Lori Lightfoot Claims COVID Regulations Prevented Tribute For Fallen Chicago Cop. That’s Not True, Medical Examiner Says.
Chicago mayor Lori Lightfoot claimed that the body of fallen Chicago Police Officer Ella French did not receive the CPD’s traditional bagpipe tribute because the musical performance would have violated the city’s COVID-19 restrictions. The Chicago Sun-Times reported Thursday that that is simply not true: French was denied the traditional honor by a deputy superintendent who refused to allow massed officers to perform the ritual.
French was killed in an exchange of gunfire that resulted from a traffic stop last Friday. Her partner was critically wounded and remains in intensive care at the University of Chicago medical center. Two occupants of the vehicle the pair of officers stopped have been arrested, and one is charged with first-degree murder in French’s death.
Saturday night, the Sun-Times reports, officers gathered “at the Cook County medical examiner’s office to give their slain colleague, Ella French, a final send-off,” according to the Chicago Sun-Times.
Instead, they were waved off by a deputy superintendent who told officers that “we don’t have time for this s***,” in reference to the 20-minute tribute.
“Ignoring a sacred ritual, [First Deputy Police Supt. Eric] Carter impatiently declared: ‘We don’t have 20 minutes for this s***.” He demanded the Chicago Fire Department ambulance bearing French’s body be taken directly into the medical examiner’s office, skipping the Emerald Society’s traditional playing of bagpipes,” the Sun-Times noted, based on a recording of the incident. “‘We’re not waiting on the bagpipes. Go ahead and get the vehicle inside.”
“Take it all the way inside. Do not stop,” Carter can be heard saying.
Chicago mayor Lori Lightfoot claimed when asked about the incident, that Carter did not make the decision, but that the outdoor bagpipe tribute was, instead, limited by COVID-19 protocols.

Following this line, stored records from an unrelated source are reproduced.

lemma two_form_condition_iff_lplus_expansions:
  fixes Q :: "nat \<Rightarrow> 'v \<Rightarrow> real fls" and x y :: 'v
  defines "D \<equiv> Q 1 x * Q 2 y - Q 1 y * Q 2 x"
  assumes "x \<in> S" "y \<in> S" "D \<noteq> 0"
  shows "(\<forall>a\<in>S. \<forall>b\<in>S. lminus (inverse D * (Q 1 a * Q 2 b - Q 1 b * Q 2 a)) = 0)
    \<longleftrightarrow> (\<forall>a\<in>S - {x, y}. \<forall>i\<in>{1::nat, 2}.
          Q i a = lplus (inverse D * (Q 1 a * Q 2 y - Q 2 a * Q 1 y)) * Q i x
                + lplus (inverse D * (Q 2 a * Q 1 x - Q 1 a * Q 2 x)) * Q i y)"
    (is "?two_form \<longleftrightarrow> (\<forall>a\<in>S - {x, y}. ?lax a)")
proof -
  have D_eq: "D = Q 1 x * Q 2 y - Q 1 y * Q 2 x"
    by (simp add: D_def)
  have lax_iff: "?lax a \<longleftrightarrow> lminus (inverse D * (Q 1 a * Q 2 y - Q 1 y * Q 2 a)) = 0
                         \<and> lminus (inverse D * (Q 1 x * Q 2 a - Q 1 a * Q 2 x)) = 0" for a
    using lplus_cramer_expansion_iff[OF D_eq \<open>D \<noteq> 0\<close>, of "Q 1 a" "Q 2 a"]
    by (simp add: mult.commute)
  have "?lax x" "?lax y"
    unfolding lax_iff D_eq[symmetric] using \<open>D \<noteq> 0\<close> by (simp_all add: lminus_eq_0_iff)
  then have lax_all_iff: "(\<forall>a\<in>S - {x, y}. ?lax a) \<longleftrightarrow> (\<forall>a\<in>S. ?lax a)"
    by blast
  show ?thesis
    unfolding lax_all_iff
  proof
    assume two_form: ?two_form
    show "\<forall>a\<in>S. ?lax a"
    proof
      fix a assume "a \<in> S"
      show "?lax a"
        unfolding lax_iff
        using two_form[rule_format, OF \<open>a \<in> S\<close> \<open>y \<in> S\<close>] two_form[rule_format, OF \<open>x \<in> S\<close> \<open>a \<in> S\<close>]
        by (rule conjI)
    qed
  next
    assume lax: "\<forall>a\<in>S. ?lax a"
    let ?\<alpha> = "\<lambda>a. lplus (inverse D * (Q 1 a * Q 2 y - Q 2 a * Q 1 y))"
    let ?\<beta> = "\<lambda>a. lplus (inverse D * (Q 2 a * Q 1 x - Q 1 a * Q 2 x))"
    show ?two_form
    proof (intro ballI)
      fix a b assume "a \<in> S" "b \<in> S"
      have lax_ab: "?lax a" "?lax b"
        using bspec[OF lax \<open>a \<in> S\<close>] bspec[OF lax \<open>b \<in> S\<close>] .
      show "lminus (inverse D * (Q 1 a * Q 2 b - Q 1 b * Q 2 a)) = 0"
      proof (rule lminus_wedge_of_expansions[OF D_eq \<open>D \<noteq> 0\<close>, where
            \<alpha>\<^sub>U = "?\<alpha> a" and \<beta>\<^sub>U = "?\<beta> a" and \<alpha>\<^sub>V = "?\<alpha> b" and \<beta>\<^sub>V = "?\<beta> b"])
      qed (use lax_ab in simp_all)
    qed
  qed
qed

lemma ball_valid_var_iff:
  "(\<forall>a\<in>{a. valid_var a} - {VX, VY}. P a) \<longleftrightarrow> (\<forall>n\<ge>1. P (VT n)) \<and> (\<forall>j\<ge>1. P (VZ j))"
proof
  assume "\<forall>a\<in>{a. valid_var a} - {VX, VY}. P a"
  then show "(\<forall>n\<ge>1. P (VT n)) \<and> (\<forall>j\<ge>1. P (VZ j))"
    by (simp add: valid_var_def)
next
  assume P: "(\<forall>n\<ge>1. P (VT n)) \<and> (\<forall>j\<ge>1. P (VZ j))"
  show "\<forall>a\<in>{a. valid_var a} - {VX, VY}. P a"
  proof
    fix a assume "a \<in> {a. valid_var a} - {VX, VY}"
    with P show "P a"
      by (cases a) (auto simp: valid_var_def)
  qed
qed

lemma all_imp_conj_distrib:
  "(\<forall>n j. n \<ge> k \<longrightarrow> j \<ge> k \<longrightarrow> A n \<and> B j) \<longleftrightarrow> (\<forall>n\<ge>k. A n) \<and> (\<forall>j\<ge>k. B j)"
  for k :: "'a::order"
  by blast

definition weighted_dphi ::
    "(nat \<Rightarrow> (var \<Rightarrow> real) \<Rightarrow> real) \<Rightarrow> (nat \<Rightarrow> (var \<Rightarrow> real) \<Rightarrow> real)
     \<Rightarrow> (var \<Rightarrow> real) \<Rightarrow> nat \<Rightarrow> var \<Rightarrow> real fls" where
  "weighted_dphi g f p i a = lam ^ eps a * dphi g f i a p"

lemma weighted_dphi_simps [simp]:
  "weighted_dphi g f p i VX = dphi g f i VX p"
  "weighted_dphi g f p i VY = dphi g f i VY p"
  "weighted_dphi g f p i (VT n) = dphi g f i (VT n) p"
  "weighted_dphi g f p i (VZ n) = lam * dphi g f i (VZ n) p"
  by (simp_all add: weighted_dphi_def eps_def)
(* Let $B$ be a BDD and let $B^r$ be the reduced BDD for the same variable ordering with $X_{B^r}=X_B$ (so $|N^r_i|\le|N_i|$ for each layer $i$). Then the projection of $\mathcal{F}^{cap}(B^r)$ onto the $x$-variables is contained in the projection of $\mathcal{F}^{cap}(B)$ onto the $x$-variables.
   Context: A binary decision diagram (BDD) $B=(N,A)$ is a directed acyclic multigraph whose node set is partitioned into layers $N_1,\dots,N_{n+1}$ with $N_1=\{r\}$, $N_{n+1}=\{t\}$; every arc $a$ goes from $s(a)\in N_i$ to $t(a)\in N_{i+1}$ for some $i\in I=\{1,\dots,n\}$ and has label $v_a\in\{0,1\}$, each node having at most one outgoing arc of each label; layer $i$ corresponds to variable $x_i$. $X_B\subseteq\{0,1\}^n$ is the set of label vectors of $r$–$t$ paths. A BDD is reduced if it has the minimum number of nodes among all BDDs (with this layer/variable ordering) representing the same set; it is unique and obtained from any BDD for the set by merging equivalent nodes. $\mathcal{F}^{cap}(B)$ is the set of $(x,y)\in[0,1]^n\times\mathbb{R}^{|A|}_{\ge0}$ satisfying flow conservation $\sum_{a\in\delta^+(u)}y_a=\sum_{a\in\delta^-(u)}y_a$ for $u\in N\setminus\{r,t\}$, $\sum_{a\in\delta^+(r)}y_a=\sum_{a\in\delta^-(t)}y_a=1$, $y_a\le x_i$ for every arc $a$ with $s(a)\in N_i$, $v_a=1$, and $y_a\le1-x_i$ for every arc $a$ with $s(a)\in N_i$, $v_a=0$. *)

theory Defs
  imports Complex_Main
begin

“Mayor Lori Lightfoot says the decision not to allow the honor guard/bagpipes at the morgue after the shooting death of Officer Ella French was due to COVID-19 protocols set by the medical examiner, and it was not a decision made by First Deputy Eric Carter,” a reporter for Chicago’s public television network, WTTW noted.
The Cook County Medical Examiner, however, responded just a short time later, contradicting Lightfoot’s explanation, and pointing out that COVID-19 protocols have not changed on the matter of outdoor bagpipe tributes, and that the tribute for French would have been appropriate and within pandemic regulations.
“The Medical Examiner’s Office contradicts Mayor Lightfoot’s claim that COVID protocols prevented bagpipers from playing to honor Officer French Saturday night,” a reporter for WGN who spoke to the ME’s office said on social media
In their statement, the Medical Examiner noted that “[p]rotocols for processions at the Cook County Medical Examiner’s Office have not changed since the pandemic began. First responders have always gathered in the office parking lot and dock to pay respects to fallen police officers and firefighters.”
“Early Sunday morning, police officers gathered in the parking and dock area as usual and bagpipers accompanied the body of Officer Ella French through the parking lot to the dock. At no time did personnel from the Medical Examiner’s Office try to impede officers or bagpipers,” the office said.
Lightfoot has not responded, though social media commentators quickly pointed out that applying an outdoor music protocol to a bagpipe tribute for an officer killed in the line of duty seems to fly in the face of Lightfoot’s own approach to outdoor performances. Lightfoot attended the outdoor, mega-festival Lollapalooza just days after the Centers for Disease Control and Prevention (CDC) refined their COVID-19 guidelines, suggesting a much stricter approach to masking and gathering in light of the Delta variant’s spread.
“Should have given one of the musicians at Lolla a set of bagpipes,” one commenter said.